Tuesday, April 2, 2013

Database Optimization: Query Performance vs. Request Performance

When it comes time to optimize your web application's database performance, there are (at least) two types of tools you can leverage. You can use an analysis tool like pgFouine, which is focused on individual query performance, or a tool like Scout or New Relic, which is focused on request performance.

pgFouine is fantastic at isolating any single query that, in aggregate, is slowing down your application the most. This is a function of the query's invocation count multiplied by its average execution time. Of course, it will report not just the single most expensive query, but the top N most expensive queries. (The tool will also will show you the most frequently executed queries and the overall single slowest queries, but these metrics are less useful for determining what queries to focus on).

But what if the top N queries are all taking roughly the same amount of time? Which one(s) should you try to optimize or eliminate? pgFouine cannot help you make this decision intelligently. Instead you need a tool that will allow you to focus on performance at the level web requests.  Consider that each request your web application handles is likely comprised of many queries. So if you have one type of request that is taking 80% of your web application's processing time, then you probably want to see the full set of queries that together are causing these requests to be non-performant. Perhaps you can eliminate many of these queries, with an improved application design. This is when a tool such as New Relic (or Scout's "Application" feature) becomes invaluable.

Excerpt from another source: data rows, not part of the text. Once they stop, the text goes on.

lemma rho_AB_decomp_state_in_span:
  assumes dec: "is_decomp 3 4 (rho_AB 2 (Phi_ex a0 a1 a2 b0 b1 b2)) k p \<psi>s"
    and l: "l < k" "p l > 0"
    and norm: "a0\<^sup>2 + a1\<^sup>2 + a2\<^sup>2 = 1" "b0\<^sup>2 + b1\<^sup>2 + b2\<^sup>2 = 1"
  shows "\<exists>\<alpha> \<beta>. (\<forall>i<3. \<forall>j<4. \<psi>s l i j = \<alpha> * psi0 a0 a1 a2 i j + \<beta> * psi1 b0 b1 b2 i j)
            \<and> (cmod \<alpha>)\<^sup>2 + (cmod \<beta>)\<^sup>2 = 1"
proof -
  define S where "S = {..<3::nat} \<times> {..<4::nat}"
  define f where "f l' = (\<lambda>(i, j). \<psi>s l' i j)" for l'
  define g where "g c = (\<lambda>(i, j). Phi_ex a0 a1 a2 b0 b1 b2 i j c)" for c
  define P0 where "P0 = (\<lambda>(i, j). psi0 a0 a1 a2 i j)"
  define P1 where "P1 = (\<lambda>(i, j). psi1 b0 b1 b2 i j)"
  have p: "\<And>l. l < k \<Longrightarrow> p l \<ge> 0" and unit: "unit_state 3 4 (\<psi>s l)"
    using dec l unfolding is_decomp_def by blast+
  have eq: "(\<Sum>l<k. complex_of_real (p l) * f l u * cnj (f l v)) = (\<Sum>c<2. g c u * cnj (g c v))"
    if "u \<in> S" "v \<in> S" for u v
    using that dec unfolding S_def f_def g_def rho_AB_def is_decomp_def by auto
  have orthonormal: "cinner S P0 P0 = 1" "cinner S P1 P1 = 1" "cinner S P0 P1 = 0"
    unfolding cinner_def S_def sum_lessThan_times sum_lessThan_3 sum_lessThan_4 P0_def P1_def
      psi0_def psi1_def
    using norm by (simp_all flip: of_real_mult of_real_add add: power2_eq_square)
  have g: "g 0 = (\<lambda>u. complex_of_real (1 / sqrt 2) * P0 u)" "g 1 = (\<lambda>u. complex_of_real (1 / sqrt 2) * P1 u)"
    unfolding g_def P0_def P1_def Phi_ex_def by auto
  have span: "\<forall>u\<in>S. f l u = cinner S P0 (f l) * P0 u + cinner S P1 (f l) * P1 u"
  proof (rule eq_on_span_of_orthonormal[OF _ orthonormal])
    fix w assume w: "cinner S w P0 = 0" "cinner S w P1 = 0"
    have orth: "cinner S w (g c) = 0" if "c < 2" for c
    proof -
      have "c = 0 \<or> c = 1" using that by auto
      thus ?thesis using w by (elim disjE) (simp_all only: g cinner_mult_right mult_zero_right)
    qed
    show "cinner S w (f l) = 0"
      by (rule cinner_eq_0_of_decomp[where S = S and f = f and g = g and k = k and p = p and r = 2])
        (simp_all add: eq p l orth)
  qed (simp add: S_def)
  define \<alpha> where "\<alpha> = cinner S P0 (f l)"
  define \<beta> where "\<beta> = cinner S P1 (f l)"
  have coeffs: "\<forall>i<3. \<forall>j<4. \<psi>s l i j = \<alpha> * psi0 a0 a1 a2 i j + \<beta> * psi1 b0 b1 b2 i j"
    using span unfolding S_def f_def P0_def P1_def \<alpha>_def \<beta>_def by auto
  with unit_state_span_psi0_psi1[OF unit _ norm] show ?thesis by blast
qed

lemma E2_mixed_rho_AB:
  assumes "a1 \<ge> 0" "a2 \<ge> 0" "b1 \<ge> 0" "b2 \<ge> 0" "a0 > a1" "a1 \<ge> a2" "a0 > b1" "b1 \<ge> b2"
    and "a0\<^sup>2 \<ge> 1/2" "a0\<^sup>2 + a1\<^sup>2 + a2\<^sup>2 = 1" "a0\<^sup>2 + b1\<^sup>2 + b2\<^sup>2 = 1"
  shows "E2_mixed 3 4 (rho_AB 2 (Phi_ex a0 a1 a2 a0 b1 b2)) = 1 - a0\<^sup>2"
proof (rule E2_mixed_eqI)
  define ps where "ps l = (if l = 0 then psi0 a0 a1 a2 else psi1 a0 b1 b2)" for l :: nat
  show "is_decomp 3 4 (rho_AB 2 (Phi_ex a0 a1 a2 a0 b1 b2)) 2 (\<lambda>_. 1/2) ps"
    unfolding is_decomp_def
  proof (intro conjI allI impI)
    fix l :: nat assume "l < 2"
    thus "0 \<le> (1/2 :: real)" "unit_state 3 4 (ps l)"
      using assms(10,11) unfolding unit_state_def ps_def sum_lessThan_3 sum_lessThan_4 psi0_def psi1_def
      by (auto simp: less_2_cases_iff)
  next
    fix i j i' j'
    show "rho_AB 2 (Phi_ex a0 a1 a2 a0 b1 b2) (i, j) (i', j')
        = (\<Sum>l<2. complex_of_real (1/2) * ps l i j * cnj (ps l i' j'))"
      unfolding rho_AB_def Phi_ex_def sum_lessThan_2 ps_def by (simp add: of_real_sqrt2_mult_self field_simps)
  qed simp
  show "(\<Sum>l<2. 1/2 * E2_pure 3 4 (ps l)) = 1 - a0\<^sup>2"
    using E2_pure_psi0[OF assms(1,2,5,6)] E2_pure_psi1[OF assms(3,4,7,8)]
    unfolding sum_lessThan_2 ps_def by simp
next
  fix k p \<psi>s l
  assume dec: "is_decomp 3 4 (rho_AB 2 (Phi_ex a0 a1 a2 a0 b1 b2)) k p \<psi>s" and "l < k" "p l > 0"
  then obtain \<alpha> \<beta> where "\<forall>i<3. \<forall>j<4. \<psi>s l i j = \<alpha> * psi0 a0 a1 a2 i j + \<beta> * psi1 a0 b1 b2 i j"
      and "(cmod \<alpha>)\<^sup>2 + (cmod \<beta>)\<^sup>2 = 1"
    using rho_AB_decomp_state_in_span assms(10,11) by blast
  thus "1 - a0\<^sup>2 \<le> E2_pure 3 4 (\<psi>s l)"
    using E2_pure_span_psi0_psi1_ge assms(9-11) by blast
qed

definition block_vec :: "real \<Rightarrow> real \<Rightarrow> real \<Rightarrow> real \<Rightarrow> nat \<times> nat \<Rightarrow> complex" where
  "block_vec a b c d = (\<lambda>(i, j). complex_of_real
     (if i = 1 \<and> j = 0 then a else if i = 1 \<and> j = 1 then b
      else if i = 2 \<and> j = 0 then c else if i = 2 \<and> j = 1 then d else 0))"

text \<open>For a pure state the form equals \<open>|A\<^sub>0\<^sub>0|\<^sup>2 + |A\<^sub>1\<^sub>1|\<^sup>2 + 2 Re(A\<^sub>0\<^sub>1 A\<^sub>1\<^sub>0\<^sup>*)\<close> for the
  matrix \<open>A = X\<^sup>T \<Psi>\<close>, where \<open>X\<close> and \<open>\<Psi>\<close> are rows 1, 2 of the witness and of the state;
  so it is controlled by \<open>det A = det X \<cdot> minor12 \<psi>\<close>.\<close>

lemma Re_qform_pt_pure_block_vec_ge:
  "Re (qform ({..<3} \<times> {..<2}) (partial_transpose (pure_state_op \<psi>)) (block_vec a b c d))
    \<ge> - (2 * \<bar>a * d - b * c\<bar>) * cmod (minor12 \<psi>)"
proof -
  define A00 where "A00 = of_real a * \<psi> 1 0 + of_real c * \<psi> 2 0"
  define A01 where "A01 = of_real a * \<psi> 1 1 + of_real c * \<psi> 2 1"
  define A10 where "A10 = of_real b * \<psi> 1 0 + of_real d * \<psi> 2 0"
  define A11 where "A11 = of_real b * \<psi> 1 1 + of_real d * \<psi> 2 1"
  have form: "qform ({..<3} \<times> {..<2}) (partial_transpose (pure_state_op \<psi>)) (block_vec a b c d)
      = A00 * cnj A00 + A11 * cnj A11 + A01 * cnj A10 + A10 * cnj A01"
    unfolding qform_def sum_lessThan_times sum_lessThan_3 sum_lessThan_2 block_vec_def
      partial_transpose_def pure_state_op_def A00_def A01_def A10_def A11_def
    by (simp add: algebra_simps)
  have "A00 * A11 - A01 * A10 = complex_of_real (a * d - b * c) * minor12 \<psi>"
    unfolding A00_def A01_def A10_def A11_def minor12_def by (simp add: algebra_simps)
  hence "cmod (A00 * A11 - A01 * A10) = \<bar>a * d - b * c\<bar> * cmod (minor12 \<psi>)"
    by (simp only: norm_mult norm_of_real)
  thus ?thesis unfolding form using Re_det2_form_ge[of A00 A11 A01 A10] by linarith
qed

lemma qform_pt_rho_AC_block_vec:
  "qform ({..<3} \<times> {..<2}) (partial_transpose (rho_AC 4 (Phi_ex a0 a1 a2 b0 b1 b2))) (block_vec a b c d)
    = complex_of_real ((a1\<^sup>2 * a\<^sup>2 + 2 * a2 * b1 * a * d + b2\<^sup>2 * d\<^sup>2
        + a2\<^sup>2 * c\<^sup>2 + 2 * a1 * b2 * c * b + b1\<^sup>2 * b\<^sup>2) / 2)"
  unfolding qform_def sum_lessThan_times sum_lessThan_3 sum_lessThan_2 sum_lessThan_4 block_vec_def
    partial_transpose_def rho_AC_def Phi_ex_def psi0_def psi1_def
  by (simp add: of_real_sqrt2_mult_self field_simps power2_eq_square)

text \<open>The form above is the sum of a binary quadratic form in \<open>(a, d)\<close> of determinant
  \<open>D = a\<^sub>1\<^sup>2 b\<^sub>2\<^sup>2 - a\<^sub>2\<^sup>2 b\<^sub>1\<^sup>2\<close> and one in \<open>(c, b)\<close> of determinant \<open>-D\<close>. The witness uses the
  directions \<open>(a\<^sub>2 b\<^sub>1, -a\<^sub>1\<^sup>2)\<close> and \<open>(b\<^sub>1\<^sup>2, -a\<^sub>1 b\<^sub>2)\<close>, on which the two forms are multiples of
  \<open>D\<close> and \<open>-D\<close>, scaled so that the total is \<open>-a\<^sub>1\<^sup>2 b\<^sub>1\<^sup>2 D\<^sup>2 / 2\<close> whatever the sign of \<open>D\<close>.\<close>

lemma qform_pt_rho_AC_witness:
  fixes a0 a1 a2 b0 b1 b2 :: real
  defines "D \<equiv> a1\<^sup>2 * b2\<^sup>2 - a2\<^sup>2 * b1\<^sup>2"
  shows "qform ({..<3} \<times> {..<2}) (partial_transpose (rho_AC 4 (Phi_ex a0 a1 a2 b0 b1 b2)))
      (block_vec (a2\<^sup>2 * b1 ^ 3) (- (a1 ^ 3 * b2\<^sup>2)) (a1\<^sup>2 * b1\<^sup>2 * b2) (- (a1\<^sup>2 * a2 * b1\<^sup>2)))
    = complex_of_real (- (a1\<^sup>2 * b1\<^sup>2 * D\<^sup>2 / 2))"
  unfolding qform_pt_rho_AC_block_vec D_def by (rule arg_cong[where f = complex_of_real]) algebra

lemma rho_AC_decomp_exists:
  assumes "a0 > 0" "a1 > 0" "b0 > 0" "b1 > 0"
    and "a0\<^sup>2 + a1\<^sup>2 + a2\<^sup>2 = 1" "b0\<^sup>2 + b1\<^sup>2 + b2\<^sup>2 = 1"
  shows "\<exists>k p \<psi>s. is_decomp 3 2 (rho_AC 4 (Phi_ex a0 a1 a2 b0 b1 b2)) k p \<psi>s"
proof -
  define v where "v b i j = Phi_ex a0 a1 a2 b0 b1 b2 i b j" for b i j
  define q where "q b = (\<Sum>i<3. \<Sum>j<2. (cmod (v b i j))\<^sup>2)" for b
  have q: "q b = (if b = 0 then a0\<^sup>2 / 2 else if b = 1 then (a1\<^sup>2 + b2\<^sup>2) / 2
      else if b = 2 then (a2\<^sup>2 + b1\<^sup>2) / 2 else b0\<^sup>2 / 2)" if "b < 4" for b
  proof -
    have "b = 0 \<or> b = 1 \<or> b = 2 \<or> b = 3" using that by auto
    thus ?thesis unfolding q_def v_def sum_lessThan_3 sum_lessThan_2 Phi_ex_def psi0_def psi1_def
      by (elim disjE; simp add: norm_divide power_divide)
  qed
  have "is_decomp 3 2 (rho_AC 4 (Phi_ex a0 a1 a2 b0 b1 b2)) 4 q (\<lambda>b i j. v b i j / complex_of_real (sqrt (q b)))"
  proof (rule is_decomp_normalize[OF q_def])
    show "q b > 0" if "b < 4" for b using q[OF that] assms by (auto simp: add_pos_nonneg add_nonneg_pos)
    show "(\<Sum>b<4. q b) = 1" unfolding sum_lessThan_4 using q assms(5,6) by (simp add: field_simps)
  qed (simp add: rho_AC_def v_def)
  thus ?thesis by blast
qed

For each type of request, you can see the most expensive queries, but more importantly the full set of queries that are being issued for a given request. (These tools are equally useful for finding application layer code that is non-performant, but I'm only concerned with database performance here.) With a request-level view you can start to evaluate your overall design to determine whether you can eliminate certain queries altogether. For example, you might realize that you are issuing two similar but different queries that can be combined into a single query. pgFouine might show that these two queries are equally performant, while a request-level analysis tool will show you that they are being executed side-by-side while serving a single request. This is the hint one needs to start understanding where optimizations can be made at a design level higher than an individual query.